The supernova SN2014J in galaxy M82 in Ursa Major was imaged through Griffith Observatory’s 12-inch Zeiss refractor. It is the bright dot within the galaxy and to the lower right of the galaxy’s center. This six-minute exposure was started on February 3 at 7:48 p.m., PST (February 4.116 UT). A Canon 20Da Camera was used at 1600 ISO. Griffith Observatory photograph by Anthony Cook. Click image for larger view.

The next Sky Report will be available on Wednesday, April 30, 2014.

Sky Report

The Griffith Observatory Sky Report
Anthony Cook
Astronomical Observer

This is the Griffith Observatory Sky Report for the week ending Wednesday, April 30, 2014. Here is what’s happening in the skies of southern California:

Brilliant planet Jupiter, in Gemini the Twins, is the first object visible as twilight deepens, high in the sky and to the west of the zenith. Jupiter sets in the west-northwest at 1:00 a.m. Jupiter’s famous oval storm, the Great Red Spot, can be seen through astronomical telescopes from the west coast on April 24th, 26th, and 29th.

The orange planet Mars, in Virgo the Maiden, is in prime position for telescopic early-evening observation this week. Mars is the brightest object visible in the southeast when darkness falls. Mars is highest in the south at 11:00 p.m., and is available for telescopic scrutiny as it moves into the southwest until about 2:00 a.m., after which time the thickness of our air near the horizon will likely blur the image. This week, a telescope can be used to examine the Martian dark markings spanning from Mare Acidalium to Syrtis Major.

The ringed planet Saturn appears as a bright golden star in Libra the Scales, and is visible in the southeast after rising at 8:30 p.m. Saturn transits in the south at 1:45 a.m. A telescope is needed to see Saturn’s spectacular rings.

Venus, the brightest planet, rises in the east about two hours before sunrise. At sunrise, Venus can still be glimpsed, 22 degrees above the horizon.

The waning crescent moon passes Venus on the 25th and is visible before sunrise until the 26th. The moon is new on the 28th, and will reappear as a waxing crescent in the evening sky on Wednesday the 30th.

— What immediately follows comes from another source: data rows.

(* Let $f\in\mathbb{Q}[x]$ be a non-zero squarefree polynomial of degree $n$ and let $g\in\mathbb{Q}[x]$ satisfy $g(\xi)>0$ at every real root $\xi$ of $f$. Then there exist polynomials $h_1,\dots,h_n\in\mathbb{Q}[x]$ of degree $<n$ and positive weights $\omega_1,\dots,\omega_n\in\mathbb{Q}_{>0}$ such that $h:=\sum_{i=1}^n\omega_ih_i^2$ satisfies $h\equiv g\pmod f$. *)

theory Defs
  imports Complex_Main "HOL-Computational_Algebra.Polynomial" "HOL-Computational_Algebra.Squarefree"
begin

end

theory Submission
  imports "Berlekamp_Zassenhaus.Square_Free_Int_To_Square_Free_GFp" Defs
begin

(* Work modulo f over the reals first. Since f is squarefree its complex roots are simple, so for
   small \<delta> > 0 the residue g - \<delta> (1 + x^2 + ... + x^(2n-2)), which is positive at the real roots,
   has square roots at all complex roots that are compatible with conjugation; interpolating them
   gives a real u of degree < n with g \<equiv> u^2 + \<delta> (1 + ... + x^(2n-2)) mod f. That is, g is
   represented modulo f by the positive definite Gram matrix a a^T + \<delta> I, a the coefficient vector
   of u. Positive definiteness is an open condition and the Gram matrices representing g modulo f
   form an affine space defined over Q, so a nearby rational Gram matrix represents g exactly, and
   its LDL^T decomposition over Q yields the n weighted squares. *)

(* The Berlekamp-Zassenhaus import brings HOL-Algebra's coeff, monom and smult into scope. *)
hide_const (open) up_ring.coeff up_ring.monom module.smult

interpretation of_rat_poly_hom: map_poly_inj_idom_hom of_rat ..
interpretation of_real_poly_hom: map_poly_inj_idom_hom of_real ..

The International Space Station will make two early-evening passes over Los Angeles this week. On Wednesday the 23rd, the ISS will appear above the northwest horizon at 8:47 p.m. It will outshine Jupiter when it reaches its highest point, 62 degrees above the northeast horizon, at 8:51 p.m.  A minute later it will slip into earth’s shadow while still 41 degrees high in the east-southeast. On Saturday the 26th, the ISS will appear in the northwest at 7:57 p.m. It reaches its highest point, 76 degrees above the southwest horizon at 8:01 p.m., and will set in the southeast three minutes later.

Free views of the sun during the day and of the moon, planets, and other celestial objects at night are available to the public in clear weather through Griffith Observatory’s telescopes from Tuesday through Sunday before 9:30 p.m. Check our website for our schedule. The next public star party on the grounds of Griffith Observatory, hosted by the Los Angeles Astronomical Society, the Sidewalk Astronomers, and the Planetary Society, will take place on Saturday, May 3.